Is Federal Infrastructure Spending Unconstitutional?

The Tenth Amendment Center—in my opinion, one of the country’s most valuable constitutional websites—has produced a thoughtful video on the constitutionality of federal infrastructure spending. Based mostly on President James Madison’s 1817 veto, on constitutional grounds, of a bill to construct roads and canals, the video concludes that federal infrastructure spending violates the Constitution as that document was originally understood.

Is the Tenth Amendment Center video correct?

Answer: In part.

First, though, let’s address a natural question: If James Madison—the “father of the Constitution”—said federal infrastructure spending violates the Constitution, how can one argue with him? [Of course, Madison did not use the modern term “infrastructure.” He spoke in terms of roads and canals.]

The answer begins with how originalists reconstruct the Constitution’s original legal force. If we follow the Founders’ own methodology, we look first to the understanding of the ratifiers. If that understanding is not clear, we examine how the document would have been understood by informed members of the general public at the time of ratification—that is, between September 17, 1787 and May 29, 1790. The first inquiry is into original understanding, the second into original meaning. (For a summary of these terms and of the related phrase original intent, click here; a detailed explanation of their use in Founding-Era interpretation is here.)

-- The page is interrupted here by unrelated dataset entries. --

(* Let $n\ge 1$, $A_0\in\mathbb{R}^{n\times n}$, $E_0\in\mathbb{R}^{n\times 1}$ and $C_0\in\mathbb{R}^{1\times n}$, and suppose the pair $(A_0,C_0)$ is observable. Then the following two statements are equivalent: (1) $\operatorname{rank}\begin{bmatrix} A_0-zI_n & E_0\\ C_0 & 0\end{bmatrix}=n+1$ for all $z\in\mathbb{C}$ (i.e., the triple $(A_0,E_0,C_0)$ has no invariant zeros); (2) $C_0E_0=0,\ C_0A_0E_0=0,\ \dots,\ C_0A_0^{n-2}E_0=0$ and $C_0A_0^{n-1}E_0\neq 0$.
   Context: These matrices describe the single-input single-output discrete-time system $x(k+1)=A_0x(k)+B_0u(k)+E_0f(k)$, $y(k)=C_0x(k)$, with state $x(k)\in\mathbb{R}^n$, known input $u(k)\in\mathbb{R}$, unknown scalar input (total disturbance) $f(k)\in\mathbb{R}$ and output $y(k)\in\mathbb{R}$. A number $z\in\mathbb{C}$ is an invariant zero of $(A_0,E_0,C_0)$ if $\operatorname{rank}\begin{bmatrix} A_0-zI_n & E_0\\ C_0 & 0\end{bmatrix}<n+1$. *)

theory Defs
  imports "Jordan_Normal_Form.DL_Rank" "Jordan_Normal_Form.Matrix"
begin

definition obs_mat :: "nat \<Rightarrow> real mat \<Rightarrow> real mat \<Rightarrow> real mat" where
  "obs_mat n A C = mat n n (\<lambda>(k, j). (C * (A ^\<^sub>m k)) $$ (0, j))"

definition observable :: "nat \<Rightarrow> real mat \<Rightarrow> real mat \<Rightarrow> bool" where
  "observable n A C \<longleftrightarrow> vec_space.rank n (obs_mat n A C) = n"

definition sys_mat :: "nat \<Rightarrow> real mat \<Rightarrow> real mat \<Rightarrow> real mat \<Rightarrow> complex \<Rightarrow> complex mat" where
  "sys_mat n A E C z =
     four_block_mat (map_mat complex_of_real A - z \<cdot>\<^sub>m 1\<^sub>m n) (map_mat complex_of_real E)
                    (map_mat complex_of_real C) (0\<^sub>m 1 1)"

end

theory Submission
  imports Defs "HOL-Computational_Algebra.Fundamental_Theorem_Algebra"
begin

(* Work over the complex numbers in the coordinates xi_j = c A^j x (j < n), which observability
   turns into a linear isomorphism, and let m_j = c A^j e be the Markov parameters. A kernel
   vector (x, w) of [A - zI, e; c, 0] with w = -1 amounts to xi_0 = 0, xi_(j+1) = z xi_j + m_j,
   plus one closing equation expressing c A^n x linearly in xi. The recursion forces
   xi_j = p_j(z) with p_j = sum_(i<j) m_i X^(j-1-i), so every root of R = sum_(l<n) b_l p_l - p_n
   is an invariant zero. If m_0 = ... = m_(n-2) = 0 and m_(n-1) ~= 0, the recursion with c x = 0
   forces x = 0 and then w = 0, so there is no invariant zero. Otherwise either all m_j vanish,
   and then R = 0, or the first nonzero m_k has k < n - 1, and then R has degree at least
   n - 1 - k > 0; in both cases R has a complex root. *)

definition obs_coord :: "'a::comm_ring_1 mat \<Rightarrow> 'a vec \<Rightarrow> nat \<Rightarrow> 'a vec \<Rightarrow> 'a" where
  "obs_coord A c j y = c \<bullet> (A ^\<^sub>m j *\<^sub>v y)"

lemma obs_coord_as_scalar_prod:
  assumes "A \<in> carrier_mat n n" "c \<in> carrier_vec n" "y \<in> carrier_vec n"
  shows "obs_coord A c j y = (transpose_mat (A ^\<^sub>m j) *\<^sub>v c) \<bullet> y"
  using assms by (simp add: obs_coord_def transpose_vec_mult_scalar[of _ n n])

lemma obs_coord_step:
  fixes A :: "'a::comm_ring_1 mat"
  assumes A: "A \<in> carrier_mat n n" and c: "c \<in> carrier_vec n"
    and x: "x \<in> carrier_vec n" and e: "e \<in> carrier_vec n"
  shows "obs_coord A c j (A *\<^sub>v x - z \<cdot>\<^sub>v x + w \<cdot>\<^sub>v e)
       = obs_coord A c (Suc j) x - z * obs_coord A c j x + w * obs_coord A c j e"
proof -
  define r where "r = transpose_mat (A ^\<^sub>m j) *\<^sub>v c"
  have r: "r \<in> carrier_vec n"
    unfolding r_def using A c by (meson mult_mat_vec_carrier pow_carrier_mat transpose_carrier_mat)
  have "r \<bullet> (A *\<^sub>v x) = obs_coord A c (Suc j) x"
    using A c x by (simp add: r_def obs_coord_def transpose_vec_mult_scalar[of _ n n]
        assoc_mult_mat_vec[of _ n n _ n])
  then show ?thesis
    using A c x e r by (simp add: obs_coord_as_scalar_prod[of A n] r_def[symmetric]
        scalar_prod_add_distrib[of _ n] scalar_prod_minus_distrib[of _ n])
qed

lemma obs_coord_0 [simp]:
  "A \<in> carrier_mat n n \<Longrightarrow> y \<in> carrier_vec n \<Longrightarrow> obs_coord A c 0 y = c \<bullet> y"
  by (simp add: obs_coord_def)

lemma obs_coord_zero_vec [simp]:
  "A \<in> carrier_mat n n \<Longrightarrow> c \<in> carrier_vec n \<Longrightarrow> obs_coord A c j (0\<^sub>v n) = 0"
  by (metis obs_coord_as_scalar_prod mult_mat_vec_carrier pow_carrier_mat scalar_prod_right_zero
      transpose_carrier_mat zero_carrier_vec)

definition is_obs_matrix :: "nat \<Rightarrow> 'a::comm_ring_1 mat \<Rightarrow> 'a vec \<Rightarrow> 'a mat \<Rightarrow> bool" where
  "is_obs_matrix n A c T \<longleftrightarrow> T \<in> carrier_mat n n \<and>
     (\<forall>y \<in> carrier_vec n. \<forall>j < n. (T *\<^sub>v y) $ j = obs_coord A c j y)"

lemma obs_coord_eq_zero_imp_zero:
  fixes T :: "'a::field mat"
  assumes T: "is_obs_matrix n A c T" "det T \<noteq> 0"
    and y: "y \<in> carrier_vec n" and zero: "\<And>j. j < n \<Longrightarrow> obs_coord A c j y = 0"
  shows "y = 0\<^sub>v n"
proof -
  have "T *\<^sub>v y = 0\<^sub>v n"
    using T y zero by (intro eq_vecI) (auto simp: is_obs_matrix_def)
  then show ?thesis
    using T y det_0_iff_vec_prod_zero_field[of T n] by (auto simp: is_obs_matrix_def)
qed

lemma obs_matrix_right_inverse:
  fixes T :: "'a::field mat"
  assumes T: "is_obs_matrix n A c T" "det T \<noteq> 0"
  obtains U where "U \<in> carrier_mat n n"
    "\<And>\<xi> j. \<xi> \<in> carrier_vec n \<Longrightarrow> j < n \<Longrightarrow> obs_coord A c j (U *\<^sub>v \<xi>) = \<xi> $ j"
proof -
  have Tc: "T \<in> carrier_mat n n" using T by (simp add: is_obs_matrix_def)
  obtain U where U: "U \<in> carrier_mat n n" and TU: "T * U = 1\<^sub>m n"
    using det_non_zero_imp_unit[OF Tc T(2), of "()"] by (auto simp: Units_def ring_mat_def)
  have "obs_coord A c j (U *\<^sub>v \<xi>) = \<xi> $ j" if "\<xi> \<in> carrier_vec n" "j < n" for \<xi> j
  proof -
    have "obs_coord A c j (U *\<^sub>v \<xi>) = ((T * U) *\<^sub>v \<xi>) $ j"
      using T U that by (simp add: is_obs_matrix_def assoc_mult_mat_vec[of _ n n _ n])
    then show ?thesis using TU that by simp
  qed
  with U that show ?thesis by blast
qed

definition is_invariant_zero :: "nat \<Rightarrow> 'a::field mat \<Rightarrow> 'a vec \<Rightarrow> 'a vec \<Rightarrow> 'a \<Rightarrow> bool" where
  "is_invariant_zero n A c e z \<longleftrightarrow> (\<exists>x w. x \<in> carrier_vec n \<and> (x \<noteq> 0\<^sub>v n \<or> w \<noteq> 0) \<and>
     A *\<^sub>v x - z \<cdot>\<^sub>v x + w \<cdot>\<^sub>v e = 0\<^sub>v n \<and> c \<bullet> x = 0)"

lemma no_invariant_zero_if_relative_degree:
  fixes A :: "'a::field mat"
  assumes A: "A \<in> carrier_mat n n" and c: "c \<in> carrier_vec n" and e: "e \<in> carrier_vec n"
    and T: "is_obs_matrix n A c T" "det T \<noteq> 0"
    and markov_zero: "\<forall>k < n - 1. obs_coord A c k e = 0"
    and markov_last: "obs_coord A c (n - 1) e \<noteq> 0"
  shows "\<not> is_invariant_zero n A c e z"
proof
  assume "is_invariant_zero n A c e z"
  then obtain x w where x: "x \<in> carrier_vec n" and nontrivial: "x \<noteq> 0\<^sub>v n \<or> w \<noteq> 0"
    and eq: "A *\<^sub>v x - z \<cdot>\<^sub>v x + w \<cdot>\<^sub>v e = 0\<^sub>v n" and cx: "c \<bullet> x = 0"
    unfolding is_invariant_zero_def by blast
  have step: "obs_coord A c (Suc j) x = z * obs_coord A c j x - w * obs_coord A c j e" for j
    using obs_coord_step[OF A c x e, of j z w] eq A c by (simp add: algebra_simps)
  have coords_x: "obs_coord A c j x = 0" if "j < n" for j
    using that
  proof (induction j)
    case 0
    then show ?case using A x cx by simp
  next
    case (Suc j)
    then show ?case using step[of j] markov_zero by simp
  qed
  then have "x = 0\<^sub>v n"
    using obs_coord_eq_zero_imp_zero[OF T x] by blast
  moreover have "w = 0"
    using step[of "n - 1"] coords_x markov_last \<open>x = 0\<^sub>v n\<close> A c by simp
  ultimately show False using nontrivial by blast
qed

fun rev_prefix_poly :: "(nat \<Rightarrow> 'a::comm_ring_1) \<Rightarrow> nat \<Rightarrow> 'a poly" where
  "rev_prefix_poly a 0 = 0"
| "rev_prefix_poly a (Suc j) = pCons (a j) (rev_prefix_poly a j)"

lemma coeff_rev_prefix_poly:
  "coeff (rev_prefix_poly a j) d = (if d < j then a (j - 1 - d) else 0)"
  by (induction j arbitrary: d) (auto simp: coeff_pCons split: nat.split)

lemma coeff_rev_prefix_poly_combination:
  assumes "k < n" and "\<forall>i < k. a i = 0"
  shows "coeff ((\<Sum>l<n. smult (b l) (rev_prefix_poly a l)) - rev_prefix_poly a n) (n - 1 - k) = - a k"
proof -
  have "coeff (rev_prefix_poly a l) (n - 1 - k) = 0" if "l < n" for l
    using assms that by (simp add: coeff_rev_prefix_poly)
  then show ?thesis
    using assms by (simp add: coeff_sum coeff_rev_prefix_poly)
qed

lemma rev_prefix_poly_combination_has_root:
  fixes a b :: "nat \<Rightarrow> complex"
  assumes "\<not> ((\<forall>k < n - 1. a k = 0) \<and> a (n - 1) \<noteq> 0)"
  shows "\<exists>z. poly ((\<Sum>l<n. smult (b l) (rev_prefix_poly a l)) - rev_prefix_poly a n) z = 0"
    (is "\<exists>z. poly ?R z = 0")
proof (cases "\<forall>k < n. a k = 0")
  case True
  then have "rev_prefix_poly a l = 0" if "l \<le> n" for l
    using that by (intro poly_eqI) (simp add: coeff_rev_prefix_poly)
  then show ?thesis by simp
next
  case False
  then obtain k0 where "k0 < n" "a k0 \<noteq> 0" by blast
  define k where "k = (LEAST k. a k \<noteq> 0)"
  have ak: "a k \<noteq> 0" unfolding k_def by (rule LeastI[of _ k0]) fact
  have below: "\<forall>i < k. a i = 0" unfolding k_def using not_less_Least by blast
  have "k \<le> k0" unfolding k_def by (rule Least_le) fact
  with \<open>k0 < n\<close> have "k < n" by simp
  have "k < n - 1"
    using assms ak below \<open>k < n\<close> by (cases "k = n - 1") auto
  have "coeff ?R (n - 1 - k) \<noteq> 0"
    using coeff_rev_prefix_poly_combination[OF \<open>k < n\<close> below, of b] ak by simp
  with \<open>k < n - 1\<close> have "degree ?R > 0"
    by (metis le_degree not_le le_zero_eq zero_less_diff)
  then have "\<not> constant (poly ?R)"
    by (simp add: constant_degree)
  then show ?thesis by (rule fundamental_theorem_of_algebra)
qed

As one of the leading ratifiers, Madison’s Founding-Era statements are good evidence of original understanding. However, they are not absolutely decisive, because there were 1647 other ratifiers and many other involved citizens. Some understood some parts of the Constitution differently.

Moreover—and this is important—a 1817 presidential veto message is not a ratification-era statement, and it was not made in Madison’s capacity as a ratifier or as a proponent of ratification. It was expressed as president fully 30 years later. That’s a big gap—both in roles and in time. As roles alter and time passes, incentives change and memories fade. Indeed, several Founders are known to have altered their constitutional views in the years after ratification. An extreme example is Alexander Hamilton, whose opinions even as early as 1791 sometimes are hard to reconcile with his public representations just two or three years before.  To be sure, Madison remained much more faithful to the Constitution’s meaning than Hamilton did, but even Madison was not infallible.

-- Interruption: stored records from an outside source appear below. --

lemma
  assumes x: "deg_bounded x s" and y: "deg_bounded y t"
  shows deg_bounded_mult: "deg_bounded (x * y) (s + t)"
    and hcomp_mult_deg_bounded: "hcomp Dg (x * y) (s + t) = hcomp Dg x s * hcomp Dg y t"
proof -
  define A where "A = {i. hcomp Dg x i \<noteq> 0}"
  define B where "B = {j. hcomp Dg y j \<noteq> 0}"
  define e where "e = (\<lambda>(i, j). hcomp Dg x i * hcomp Dg y j)"
  have "x * y = sum (hcomp Dg x) A * sum (hcomp Dg y) B"
    using sum_hcomp[of x] sum_hcomp[of y] unfolding A_def B_def by (rule arg_cong2)
  also have "\<dots> = sum e (A \<times> B)"
    unfolding sum_product sum.cartesian_product e_def ..
  finally have xy: "x * y = sum e (A \<times> B)" .
  have comp: "hcomp Dg (x * y) u = sum e {p \<in> A \<times> B. fst p + snd p = u}" for u
    unfolding xy
  proof (rule hcomp_sum_homogeneous)
    show "finite (A \<times> B)"
      using finite_hcomp_support by (simp add: A_def B_def)
    fix p assume "p \<in> A \<times> B"
    then have "0 \<le> fst p" "0 \<le> snd p"
      using hcomp_support_nonneg unfolding A_def B_def by auto
    then show "0 \<le> fst p + snd p" "e p \<in> Dg (fst p + snd p)"
      by (auto simp: e_def split: prod.split intro!: mult_in_Dg hcomp_in_Dg)
  qed
  have top: "p = (s, t)" if "p \<in> A \<times> B" "fst p + snd p = u" "s + t \<le> u" for p u
  proof -
    have "fst p \<le> s" "snd p \<le> t"
      using that(1) x y unfolding A_def B_def deg_bounded_def by (auto simp: not_less[symmetric])
    then show ?thesis
      using that(2,3) add_le_add_imp_eq by (metis prod.collapse)
  qed
  show "deg_bounded (x * y) (s + t)"
    unfolding deg_bounded_def
  proof (intro allI impI)
    fix u assume "s + t < u"
    then have "{p \<in> A \<times> B. fst p + snd p = u} = {}"
      using top[of _ u] by fastforce
    then show "hcomp Dg (x * y) u = 0"
      unfolding comp by (metis sum.empty)
  qed
  have "{p \<in> A \<times> B. fst p + snd p = s + t} \<subseteq> {(s, t)}"
    using top[of _ "s + t"] by blast
  then have "{p \<in> A \<times> B. fst p + snd p = s + t} = (if (s, t) \<in> A \<times> B then {(s, t)} else {})"
    by auto
  moreover have "e (s, t) = 0" if "(s, t) \<notin> A \<times> B"
    using that by (auto simp: A_def B_def e_def)
  ultimately have "sum e {p \<in> A \<times> B. fst p + snd p = s + t} = e (s, t)"
    by (simp only:) simp
  then show "hcomp Dg (x * y) (s + t) = hcomp Dg x s * hcomp Dg y t"
    by (simp add: comp e_def)
qed

lemma
  assumes "deg_bounded x s"
  shows deg_bounded_mult_gdeg: "deg_bounded (x * y) (s + gdeg Dg y)"
    and hcomp_mult_gdeg: "hcomp Dg (x * y) (s + gdeg Dg y) = hcomp Dg x s * htop Dg y"
  using deg_bounded_mult[OF assms deg_bounded_gdeg] hcomp_mult_deg_bounded[OF assms deg_bounded_gdeg]
  by (simp_all add: htop_def)

lemma
  assumes "x \<noteq> 0" "y \<noteq> 0"
  shows gdeg_mult: "gdeg Dg (x * y) = gdeg Dg x + gdeg Dg y"
    and htop_mult: "htop Dg (x * y) = htop Dg x * htop Dg y"
proof -
  have "hcomp Dg (x * y) (gdeg Dg x + gdeg Dg y) = htop Dg x * htop Dg y"
    using hcomp_mult_gdeg[OF deg_bounded_gdeg] by (simp add: htop_def)
  moreover have "htop Dg x * htop Dg y \<noteq> 0"
    using assms htop_nonzero by simp
  ultimately show "gdeg Dg (x * y) = gdeg Dg x + gdeg Dg y"
    using deg_bounded_mult_gdeg[OF deg_bounded_gdeg] gdeg_eqI by metis
  with \<open>hcomp Dg (x * y) _ = _\<close> show "htop Dg (x * y) = htop Dg x * htop Dg y"
    by (simp add: htop_def)
qed

definition val_ring :: "'d fract set" where
  "val_ring = {Fract a b | a b. b \<noteq> 0 \<and> deg_bounded a (gdeg Dg b)}"

text \<open>Taking the component of \<^term>\<open>a\<close> in degree \<^term>\<open>gdeg Dg b\<close>, rather than
  \<^term>\<open>htop Dg a\<close>, covers both cases \<open>deg a = deg b\<close> and \<open>deg a < deg b\<close> at once and
  makes the residue visibly additive.\<close>

definition residue :: "'d fract \<Rightarrow> 'd fract" where
  "residue q = (SOME r. \<exists>a b. b \<noteq> 0 \<and> deg_bounded a (gdeg Dg b) \<and> q = Fract a b \<and>
                             r = Fract (hcomp Dg a (gdeg Dg b)) (htop Dg b))"

lemma val_ringE:
  assumes "q \<in> val_ring"
  obtains a b where "b \<noteq> 0" "deg_bounded a (gdeg Dg b)" "q = Fract a b"
  using assms unfolding val_ring_def by blast

lemma Fract_in_val_ring: "b \<noteq> 0 \<Longrightarrow> deg_bounded a (gdeg Dg b) \<Longrightarrow> Fract a b \<in> val_ring"
  unfolding val_ring_def by blast

lemma hcomp_gdeg_cross_eq:
  assumes "b \<noteq> 0" "d \<noteq> 0" "a * d = c * b" and a: "deg_bounded a (gdeg Dg b)"
  shows "hcomp Dg a (gdeg Dg b) * htop Dg d = hcomp Dg c (gdeg Dg d) * htop Dg b"
proof -
  have c: "deg_bounded c (gdeg Dg d)"
  proof (cases "c = 0")
    case False
    then have "gdeg Dg c + gdeg Dg b \<le> gdeg Dg b + gdeg Dg d"
      using deg_bounded_mult_gdeg[OF a, of d] assms gdeg_mult gdeg_le_iff_deg_bounded
      by (metis mult_eq_0_iff)
    then show ?thesis
      using False gdeg_le_iff_deg_bounded by (simp add: add.commute)
  qed (simp add: deg_bounded_zero)
  show ?thesis
    using hcomp_mult_gdeg[OF a, of d] hcomp_mult_gdeg[OF c, of b] assms(3)
    by (simp add: add.commute)
qed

So what was the understanding in 1787-90? I have pieced this together over many years. In a nutshell, here it is:

* The Constitution gave Congress power to “To . . . support Armies” and to “provide and maintain a Navy.” Support, provision for, and maintenance of armies and navies authorized spending on military infrastructure. During the Founding Era, building installations such as forts, military roads and bridges, and naval dockyards was an understood component of maintaining the armed forces. In his veto message, Madison did not address military infrastructure.

* The Constitution also granted Congress power “to establish . . . post Roads.” I researched this provision in depth for my article on the Postal Clause. A post road was an intercity highway punctuated with “posts” or “stages” with stables, inns for eating and sleeping, even newspaper offices. Today we call a post road an “interstate highway.” To establish a road meant to do everything necessary for the construction and maintenance of that road—laying out, grading, installing bridges, finishing, and so forth. (Jefferson was incorrect when he suggested in 1796 that to “establish” a post road meant only to designate it from existing roads.)  Madison did not address the Congress’s post road power in his 1817 veto message.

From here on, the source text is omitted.